Style composition with .style()
Use the style() interpolation helper to add inline CSS to a Marmo component. The helper accepts a typed style object, collects it during class-name evaluation, and applies the result to the rendered element's style attribute.
Basic usage
The style helper is available on the props object passed to every template interpolation. React uses JavaScript CSS property names such as backgroundColor; Solid's types use CSS names such as background-color.
import ma from '@marmo/react'
const Swatch = ma.div`
size-10 rounded
${({ style, $color }) =>
style({
backgroundColor: $color
})}
`
;<Swatch $color="oklch(70% 0.16 250)" />style() returns an empty string, so it adds no class name to the template. Its purpose is the side effect of collecting the style object for Marmo.
The $color prop is available while styles are computed but is not forwarded to the DOM because its name starts with $.
Calculate styles from props
Build the style object inside the interpolation when its values depend on props. Marmo recalculates it from the current props whenever the component renders.
import ma from '@marmo/react'
const ProgressFill = ma.div`
h-2 rounded bg-primary
${({ style, $value, $max }) => {
const percentage = $max > 0 ? Math.min(100, Math.max(0, ($value / $max) * 100)) : 0
return style({
width: `${percentage}%`
})
}}
`
;<ProgressFill $value={35} $max={100} />TypeScript checks standard CSS property names and accepted values. Template literals remain useful for values that need units:
${({ style, $x, $y }) => style({ transform: `translate(${$x}px, ${$y}px)` })}Use styles inside variants
The same helper is available to functional base and variant entries. This lets variants continue to select a finite state while inline styles carry runtime values.
import ma from '@marmo/react'
const Avatar = ma.img.variants({
base: ({ style, $ringColor }) => `
rounded-full object-cover
${style({ boxShadow: `0 0 0 3px ${$ringColor}` })}
`,
variants: {
$size: {
sm: ({ style }) => style({ width: 32, height: 32 }),
lg: ({ style }) => style({ width: 64, height: 64 })
}
},
defaultVariants: {
$size: 'sm'
}
})
;<Avatar src="https://picsum.photos/128" alt="Ada" $size="lg" $ringColor="currentColor" />Numeric values follow the framework's normal inline-style behavior. Properties such as width and height interpret numbers as pixels, while unitless CSS properties such as opacity remain unitless.
Compose styles by extending a component
Styles collected by a base Marmo component are preserved when it is extended. The extension can add new properties or override an existing property.
import ma from '@marmo/react'
const FloatingPanel = ma.div`
fixed rounded bg-base-100 p-4 shadow-lg
${({ style, $x, $y }) =>
style({
left: $x,
top: $y
})}
`
const FadingPanel = ma.extend(FloatingPanel)`
${({ style, $visible }) =>
style({
opacity: $visible ? 1 : 0,
pointerEvents: $visible ? 'auto' : 'none'
})}
`
;<FadingPanel $x={24} $y={48} $visible />The rendered element receives left, top, opacity, and pointer-events in one style attribute.
Style precedence
When the same property is defined more than once, Marmo resolves it in this order:
- Styles from the base component
- Styles from later template interpolations, variants, or extensions
- A
styleprop passed directly to the rendered component
Later entries override earlier entries at the individual property level.
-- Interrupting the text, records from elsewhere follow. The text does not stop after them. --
lemma proj_variational_inequality:
  fixes K :: "'a::real_inner set"
  assumes "compact K" "convex K" "K \<noteq> {}"
  shows "proj K 0 \<in> K" and "\<And>w. w \<in> K \<Longrightarrow> proj K 0 \<bullet> (w - proj K 0) \<ge> 0"
proof -
  obtain p where "p \<in> K" "\<And>v. v \<in> K \<Longrightarrow> norm p \<le> norm v"
    using compact_attains_inf[of "norm ` K"] assms
    by (metis (no_types, lifting) compact_continuous_image continuous_on_norm_id empty_is_image imageE imageI)
  then have "\<exists>w. w \<in> K \<and> (\<forall>v\<in>K. (norm (w - 0))\<^sup>2 \<le> (norm (v - 0))\<^sup>2)"
    by (auto intro!: exI[of _ p] power_mono)
  from someI_ex[OF this]
  have proj_min: "proj K 0 \<in> K" "\<And>v. v \<in> K \<Longrightarrow> (norm (proj K 0))\<^sup>2 \<le> (norm v)\<^sup>2"
    unfolding proj_def by auto
  define q where "q = proj K 0"
  show "proj K 0 \<in> K" by (fact proj_min(1))
  fix w assume w: "w \<in> K"
  show "proj K 0 \<bullet> (w - proj K 0) \<ge> 0"
  proof (rule ccontr)
    define d where "d = w - q"
    assume "\<not> proj K 0 \<bullet> (w - proj K 0) \<ge> 0"
    then have qd: "q \<bullet> d < 0" by (simp add: q_def d_def)
    then have nd: "(norm d)\<^sup>2 > 0" by auto
    \<comment> \<open>a small step from q towards w would decrease the norm\<close>
    define s where "s = min 1 (- (q \<bullet> d) / (norm d)\<^sup>2)"
    have s: "0 < s" "s \<le> 1" using qd nd by (auto simp: s_def field_simps)
    have "s * (norm d)\<^sup>2 \<le> (- (q \<bullet> d) / (norm d)\<^sup>2) * (norm d)\<^sup>2"
      using nd by (intro mult_right_mono) (auto simp: s_def)
    with nd have s_small: "s * (norm d)\<^sup>2 \<le> - (q \<bullet> d)" by simp
    have "q + s *\<^sub>R d = (1 - s) *\<^sub>R q + s *\<^sub>R w" by (simp add: d_def algebra_simps)
    also have "\<dots> \<in> K" using assms(2) proj_min(1) w s by (simp add: convex_def q_def)
    finally have "(norm q)\<^sup>2 \<le> (norm (q + s *\<^sub>R d))\<^sup>2" using proj_min(2) by (simp add: q_def)
    also have "\<dots> = (norm q)\<^sup>2 + s * (2 * (q \<bullet> d) + s * (norm d)\<^sup>2)"
      unfolding power2_norm_eq_inner by (simp add: inner_add_left inner_add_right algebra_simps inner_commute)
    finally have "0 \<le> 2 * (q \<bullet> d) + s * (norm d)\<^sup>2"
      using s by (simp add: zero_le_mult_iff)
    then show False using s_small qd by linarith
  qed
qed

section \<open>Pointwise Lipschitz functions\<close>

definition pointwise_lipschitz :: "(real \<Rightarrow> 'b::real_normed_vector) \<Rightarrow> real set \<Rightarrow> real \<Rightarrow> bool" where
  "pointwise_lipschitz u S t \<longleftrightarrow> (\<exists>B. \<forall>\<^sub>F s in at t within S. norm (u s - u t) \<le> B * \<bar>s - t\<bar>)"

lemma pointwise_lipschitzE:
  assumes "pointwise_lipschitz u S t"
  obtains B where "B \<ge> 0" "\<forall>\<^sub>F s in at t within S. norm (u s - u t) \<le> B * \<bar>s - t\<bar>"
proof -
  obtain B where "\<forall>\<^sub>F s in at t within S. norm (u s - u t) \<le> B * \<bar>s - t\<bar>"
    using assms unfolding pointwise_lipschitz_def by blast
  then have "\<forall>\<^sub>F s in at t within S. norm (u s - u t) \<le> max B 0 * \<bar>s - t\<bar>"
    by eventually_elim (meson abs_ge_zero max.cobounded1 mult_right_mono order_trans)
  then show thesis using that[of "max B 0"] by simp
qed

lemma pointwise_lipschitz_ball:
  assumes "pointwise_lipschitz u S t"
  obtains B \<delta> where "\<delta> > 0" "\<And>s. s \<in> S \<Longrightarrow> \<bar>s - t\<bar> < \<delta> \<Longrightarrow> norm (u s - u t) \<le> B * \<bar>s - t\<bar>"
proof -
  obtain B where "\<forall>\<^sub>F s in at t within S. norm (u s - u t) \<le> B * \<bar>s - t\<bar>"
    using assms unfolding pointwise_lipschitz_def by blast
  then obtain \<delta> where "\<delta> > 0"
    "\<And>s. s \<in> S \<Longrightarrow> s \<noteq> t \<Longrightarrow> dist s t < \<delta> \<Longrightarrow> norm (u s - u t) \<le> B * \<bar>s - t\<bar>"
    unfolding eventually_at by blast
  moreover have "norm (u s - u t) \<le> B * \<bar>s - t\<bar>" if "s = t" for s
    using that by simp
  ultimately show thesis
    using that[of \<delta> B] by (force simp: dist_real_def)
qed

lemma pointwise_lipschitz_imp_continuous:
  assumes "pointwise_lipschitz u S t"
  shows "continuous (at t within S) u"
proof -
  obtain B where B: "\<forall>\<^sub>F s in at t within S. norm (u s - u t) \<le> B * \<bar>s - t\<bar>"
    using assms unfolding pointwise_lipschitz_def by blast
  have "((\<lambda>s. B * \<bar>s - t\<bar>) \<longlongrightarrow> B * \<bar>t - t\<bar>) (at t within S)"
    by (intro tendsto_intros)
  then have "((\<lambda>s. B * \<bar>s - t\<bar>) \<longlongrightarrow> 0) (at t within S)"
    by simp
  then have "((\<lambda>s. u s - u t) \<longlongrightarrow> 0) (at t within S)"
    using B by (rule Lim_null_comparison[rotated])
  then show ?thesis
    unfolding continuous_within by (simp add: LIM_zero_iff)
qed

lemma pointwise_lipschitz_const: "pointwise_lipschitz (\<lambda>s. c) S t"
  unfolding pointwise_lipschitz_def by (intro exI[of _ 0]) simp

lemma has_vector_derivative_imp_pointwise_lipschitz:
  assumes "(u has_vector_derivative D) (at t within S)"
  shows "pointwise_lipschitz u S t"
proof -
  have "(u has_derivative (\<lambda>h. h *\<^sub>R D)) (at t within S)"
    using assms by (simp add: has_vector_derivative_def)
  then obtain d where "d > 0"
    and d: "\<And>s. s \<in> S \<Longrightarrow> norm (s - t) < d \<Longrightarrow> norm (u s - u t - (s - t) *\<^sub>R D) \<le> 1 * norm (s - t)"
    unfolding has_derivative_within_alt by (meson zero_less_one)
  have "\<forall>\<^sub>F s in at t within S. norm (u s - u t) \<le> (1 + norm D) * \<bar>s - t\<bar>"
    unfolding eventually_at
  proof (intro exI[of _ d] conjI ballI impI \<open>d > 0\<close>)
    fix s assume "s \<in> S" "s \<noteq> t \<and> dist s t < d"
    then have "norm (u s - u t - (s - t) *\<^sub>R D) \<le> \<bar>s - t\<bar>"
      using d by (auto simp: dist_real_def)
    moreover have "norm (u s - u t) \<le> norm ((s - t) *\<^sub>R D) + norm (u s - u t - (s - t) *\<^sub>R D)"
      by (rule norm_triangle_sub)
    ultimately have "norm (u s - u t) \<le> \<bar>s - t\<bar> + \<bar>s - t\<bar> * norm D"
      by simp
    then show "norm (u s - u t) \<le> (1 + norm D) * \<bar>s - t\<bar>"
      by (simp add: algebra_simps)
  qed
  then show ?thesis unfolding pointwise_lipschitz_def by blast
qed

lemma lipschitz_on_imp_pointwise_lipschitz:
  assumes "L-lipschitz_on S u" "t \<in> S"
  shows "pointwise_lipschitz u S t"
  unfolding pointwise_lipschitz_def eventually_at
  using assms by (intro exI[of _ L] exI[of _ 1]) (auto simp: lipschitz_on_def dist_norm)

lemma pointwise_lipschitz_add:
  assumes "pointwise_lipschitz u S t" "pointwise_lipschitz v S t"
  shows "pointwise_lipschitz (\<lambda>s. u s + v s) S t"
proof -
  obtain A B where "\<forall>\<^sub>F s in at t within S. norm (u s - u t) \<le> A * \<bar>s - t\<bar>"
    "\<forall>\<^sub>F s in at t within S. norm (v s - v t) \<le> B * \<bar>s - t\<bar>"
    using assms unfolding pointwise_lipschitz_def by blast
  then have "\<forall>\<^sub>F s in at t within S. norm ((u s + v s) - (u t + v t)) \<le> (A + B) * \<bar>s - t\<bar>"
  proof eventually_elim
    case (elim s)
    have "norm ((u s + v s) - (u t + v t)) \<le> norm (u s - u t) + norm (v s - v t)"
      by (metis add_diff_add norm_triangle_ineq)
    with elim show ?case by (simp add: distrib_right)
  qed
  then show ?thesis unfolding pointwise_lipschitz_def by blast
qed

lemma pointwise_lipschitz_minus:
  "pointwise_lipschitz u S t \<Longrightarrow> pointwise_lipschitz (\<lambda>s. - u s) S t"
  unfolding pointwise_lipschitz_def by (simp add: norm_minus_commute)

lemma pointwise_lipschitz_diff:
  assumes "pointwise_lipschitz u S t" "pointwise_lipschitz v S t"
  shows "pointwise_lipschitz (\<lambda>s. u s - v s) S t"
  using pointwise_lipschitz_add[OF assms(1) pointwise_lipschitz_minus[OF assms(2)]] by simp

lemma (in bounded_bilinear) pointwise_lipschitz:
  assumes "pointwise_lipschitz u S t" "pointwise_lipschitz v S t"
  shows "pointwise_lipschitz (\<lambda>s. prod (u s) (v s)) S t"
proof -
  obtain A where "A \<ge> 0" and evA: "\<forall>\<^sub>F s in at t within S. norm (u s - u t) \<le> A * \<bar>s - t\<bar>"
    using assms(1) by (rule pointwise_lipschitzE)
  obtain B where "B \<ge> 0" and evB: "\<forall>\<^sub>F s in at t within S. norm (v s - v t) \<le> B * \<bar>s - t\<bar>"
    using assms(2) by (rule pointwise_lipschitzE)
  have near: "\<forall>\<^sub>F s in at t within S. \<bar>s - t\<bar> < 1"
    unfolding eventually_at by (intro exI[of _ 1]) (auto simp: dist_real_def)
  obtain K where K: "K \<ge> 0" "\<And>a b. norm (prod a b) \<le> norm a * norm b * K"
    using nonneg_bounded by blast
  from evA evB near have "\<forall>\<^sub>F s in at t within S. norm (prod (u s) (v s) - prod (u t) (v t))
      \<le> K * (A * B + A * norm (v t) + norm (u t) * B) * \<bar>s - t\<bar>"
  proof eventually_elim
    case (elim s)
    define du dv where "du = u s - u t" and "dv = v s - v t"
    have "prod (u s) (v s) - prod (u t) (v t) = prod du dv + prod du (v t) + prod (u t) dv"
      by (simp add: du_def dv_def diff_left diff_right)
    then have "norm (prod (u s) (v s) - prod (u t) (v t))
        \<le> norm (prod du dv) + norm (prod du (v t)) + norm (prod (u t) dv)"
      by (metis norm_triangle_le norm_triangle_ineq add_right_mono)
    also have "\<dots> \<le> norm du * norm dv * K + norm du * norm (v t) * K + norm (u t) * norm dv * K"
      by (intro add_mono K(2))
    also have "\<dots> = K * (norm du * norm dv + norm du * norm (v t) + norm (u t) * norm dv)"
      by (simp add: algebra_simps)
    also have "\<dots> \<le> K * ((A * \<bar>s - t\<bar>) * (B * \<bar>s - t\<bar>) + (A * \<bar>s - t\<bar>) * norm (v t) + norm (u t) * (B * \<bar>s - t\<bar>))"
      using elim \<open>K \<ge> 0\<close> \<open>A \<ge> 0\<close> unfolding du_def dv_def
      by (intro mult_left_mono add_mono mult_mono mult_right_mono mult_left_mono) auto
    also have "\<dots> \<le> K * (A * B + A * norm (v t) + norm (u t) * B) * \<bar>s - t\<bar>"
    proof -
      have "(A * d) * (B * d) + (A * d) * norm (v t) + norm (u t) * (B * d)
          \<le> (A * B + A * norm (v t) + norm (u t) * B) * d" if "0 \<le> d" "d < 1" for d :: real
      proof -
        have "A * B * (d * d) \<le> A * B * d"
          using that \<open>A \<ge> 0\<close> \<open>B \<ge> 0\<close> by (intro mult_left_mono mult_left_le_one_le) auto
        then show ?thesis by (simp add: algebra_simps)
      qed
      from mult_left_mono[OF this[of "\<bar>s - t\<bar>"] \<open>K \<ge> 0\<close>] elim show ?thesis
        by (simp add: mult.assoc)
    qed
    finally show ?case .
  qed
  then show ?thesis unfolding pointwise_lipschitz_def by blast
qed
Unrelated properties are preserved.
import ma from '@marmo/react'
const Box = ma.div`
${({ style }) => style({ opacity: 0.5, transform: 'scale(0.95)' })}
`
;<Box style={{ opacity: 1 }} />
// opacity: 1; transform: scale(0.95)This makes the consumer's explicit style prop the final override. If a component should own a value completely, expose a purposeful $ prop instead of relying on consumers not to replace it.
Inline styles or utility classes?
Prefer classes for values known while authoring the component. Classes support responsive modifiers, hover and focus states, media queries, theme tokens, and Tailwind's normal reuse and merging behavior.
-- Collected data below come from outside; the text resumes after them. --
(* Fix $d\ge2$. For finite sets $S\subseteq\mathbb{Z}^d$, $p_{\mathbb{Z}^d}(S)\ge \frac{(1+o(1))|S|}{\ln|S|}$, where $o(1)\to0$ as $|S|\to\infty$.
   Context: $p_{\mathbb{Z}^d}(S)$ is the largest number of colors for which there is a coloring of $\mathbb{Z}^d$ such that every translate $\mathbf{n}+S=\{\mathbf{n}+\mathbf{s}:\mathbf{s}\in S\}$, $\mathbf{n}\in\mathbb{Z}^d$, contains an element of each color. (Known result usable: for finite $S\subseteq\mathbb{Z}$, $p_{\mathbb{Z}}(S)\ge\frac{(1+o(1))|S|}{\ln|S|}$, due to Alon–Kříž–Nešetřil and Harris–Srinivasan.) *)

theory Defs
  imports "HOL-Analysis.Analysis"
begin

definition polychromatic :: "('a::plus \<Rightarrow> nat) \<Rightarrow> nat \<Rightarrow> 'a set \<Rightarrow> bool" where
  "polychromatic c k S \<longleftrightarrow> (\<forall>n. \<forall>i<k. \<exists>s\<in>S. c (n + s) = i)"

definition p_Zd :: "(int ^ 'd) set \<Rightarrow> nat" where
  "p_Zd S = (GREATEST k. \<exists>c. polychromatic c k S)"

end

theory Submission
  imports Defs "HOL-Real_Asymp.Real_Asymp"
begin

text \<open>A finite \<open>S \<subseteq> \<int>\<^sup>d\<close> of size n embeds into a large discrete torus, where its translates form a
  finite n-uniform hypergraph in which every vertex lies in n edges, and polychromatic colourings
  of this hypergraph lift to \<open>\<int>\<^sup>d\<close>. Such a hypergraph is coloured in two rounds, each justified by
  the Lov\'asz local lemma in its counting form on a finite product space: first the vertices
  are split into \<open>T \<approx> n / ln\<^sup>3 n\<close> classes so that every edge meets every class in
  \<open>m \<approx> (1 - \<epsilon>) n / T\<close> vertices, by a Chernoff-type bound; then each class is coloured with
  \<open>l \<approx> m / ln n\<close> colours so that each of these m-sets sees every colour. This yields
  \<open>T l = (1 + o(1)) n / ln n\<close> colours.\<close>

section \<open>The local lemma on a finite product space\<close>

definition determined_on :: "('v \<Rightarrow> 'c) set \<Rightarrow> 'v set \<Rightarrow> ('v \<Rightarrow> 'c) set \<Rightarrow> bool" where
  "determined_on \<Omega> U A \<longleftrightarrow> (\<forall>f\<in>\<Omega>. \<forall>g\<in>\<Omega>. (\<forall>v\<in>U. f v = g v) \<longrightarrow> (f \<in> A \<longleftrightarrow> g \<in> A))"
Use style() when the value is genuinely runtime-driven or cannot be represented by a practical finite set of classes. Good examples include coordinates, measured sizes, progress values, transforms, and user-provided colors.
Inline styles cannot directly express selectors or at-rules such as :hover, ::before, @media, or @supports. Use classes or a stylesheet for those cases.
Keep style calculations render-safe
Style interpolations run while Marmo renders and may run more than once. Keep them synchronous and deterministic: calculate a style object from props and return it through style().
Avoid side effects, DOM measurements, state updates, or subscriptions inside the interpolation. Perform that work with React or Solid primitives, then pass the resulting value to the Marmo component as a prop.